How author has derived the linear system indicated by an arrow in the picture?
My attempt: using equation (4), equation (5) implies,
$k_1(a_{11}w_1+a_{21}w_2+...+a_{m1}w_m)+k_2(a_{12}w_1+a_{22}w_2+...+a_{m2}w_m)+...+...+k_n(a_{1n}w_1+a_{2n}w_2+...+a_{mn}w_m=0$
Which implies,
$(a_{11}k_1+a_{12}k_2+...+a_{1n}k_n)w_1+(a_{21}k_1+a_{22}k_2+...+a_{2n}k_n)w_2+...+(a_{m1}k_1+a_{m2}k_2+...+a_{mn}k_n)w_m=0$
From this to conclude homogeneous linear system indicated by arrow (in pic) we must have $w_1,...,w_m$ must be linearly independent. But, here we doesn't know whether $w_i$'s are linearly independent or not!
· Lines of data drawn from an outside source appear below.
lemma admissible_new_set: "admissible new_set limit"
proof -
  have "new_set \<subseteq> branch_pairs limit"
    using witness_branch_pairs diag_pairs_branch_pairs unfolding new_set_def by blast
  moreover have "dense_along new_set limit"
    using dense_along_mono[OF dense_along_diag_pairs] unfolding new_set_def by blast
  ultimately show ?thesis unfolding admissible_def ..
qed

lemma finite_new_set_Int:
  assumes "j \<in> K"
  shows "finite (new_set \<inter> b j)"
proof -
  have bj: "b j \<subseteq> branch_pairs (q j)" using admissible_b[OF assms] unfolding admissible_def by blast
  obtain i where i: "limit i \<noteq> q j i" using limit_neq[of j] unfolding fun_eq_iff by blast
  have "new_set \<inter> b j \<subseteq> witness ` {..j} \<union> short_pairs (max (2 * j + 1) i)"
  proof
    fix x assume x: "x \<in> new_set \<inter> b j"
    consider (witness) k where "k \<in> K" "x = witness k"
      | (diag) u s where "x = (u, init_seg limit (length u))"
          "u = diag_extend q s (length s) @ [\<not> limit (2 * length s)]"
      using x unfolding new_set_def diag_pairs_def by blast
    then show "x \<in> witness ` {..j} \<union> short_pairs (max (2 * j + 1) i)"
    proof cases
      case witness
      then have "\<not> j < k" using witness_notin_branch_pairs assms x bj by blast
      then show ?thesis using witness by auto
    next
      case diag
      show ?thesis
      proof (cases "j < length s")
        case True
        have "u \<noteq> init_seg (q j) (length u)"
          using diag_extend_avoids[OF True, of q s u] diag(2) by simp
        moreover have "(u, init_seg limit (length u)) \<in> branch_pairs (q j)"
          using x diag(1) bj by blast
        ultimately have "init_seg limit (length u) = init_seg (q j) (length u)"
          by (simp add: branch_pairs_def)
        then have "length u \<le> i" using init_seg_eq_imp_le i by blast
        then show ?thesis using diag(1) by (auto simp: short_pairs_def)
      next
        case False
        then have "length u \<le> 2 * j + 1" using diag(2) by (simp add: diag_extend_def)
        then show ?thesis using diag(1) by (auto simp: short_pairs_def)
      qed
    qed
  qed
  then show ?thesis by (rule finite_subset) (simp add: finite_short_pairs)
qed

lemma finite_new_set_Int_subset:
  assumes "finite w"
  shows "finite {k\<in>K. new_set \<inter> b k \<subseteq> w}"
proof -
  have "{k\<in>K. new_set \<inter> b k \<subseteq> w} \<subseteq> witness -` w"
    using witness_in_b unfolding new_set_def by blast
  then show ?thesis using finite_vimageI[OF assms inj_witness] finite_subset by blast
qed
So how author has derived homogeneous linear system in equation indicated by arrow (in pic)
Please help..
Let's solve the following linear system of equations for $x_i'$s, $1\le i\le m$:
$\begin{align} &a_{11}x_1+a_{12}x_2+\cdots+a_{1n}x_n=0\\ &a_{21}x_1+a_{22}x_2+\cdots+a_{2n}x_n=0\\ &\cdots\quad\cdots\quad \cdots\quad \cdots \\ &a_{m1}x_1+a_{m2}x_2+\cdots+a_{mn}x_n=0 \end{align}\tag A$
What property do these $x_i$'s have? It can be shown that they satisfy $x_1v_1+x_2v_2+\cdots+x_nv_n=0\tag B$
Since $m<n$, it follows that $(A)$ has a non-trivial solution i.e., in particular there exist $x_1,x_2,...,x_n$ not all zero. These $x_i$'s must satisfy $(A)$.
But since $v_i$'s are linearly independent, it follows from $(B)$ that $x_i=0$ for all $1\le i\le n$. This contradicts conclusion in last para.
It follows that the assumption that $w_i$'s span $V$ is not correct.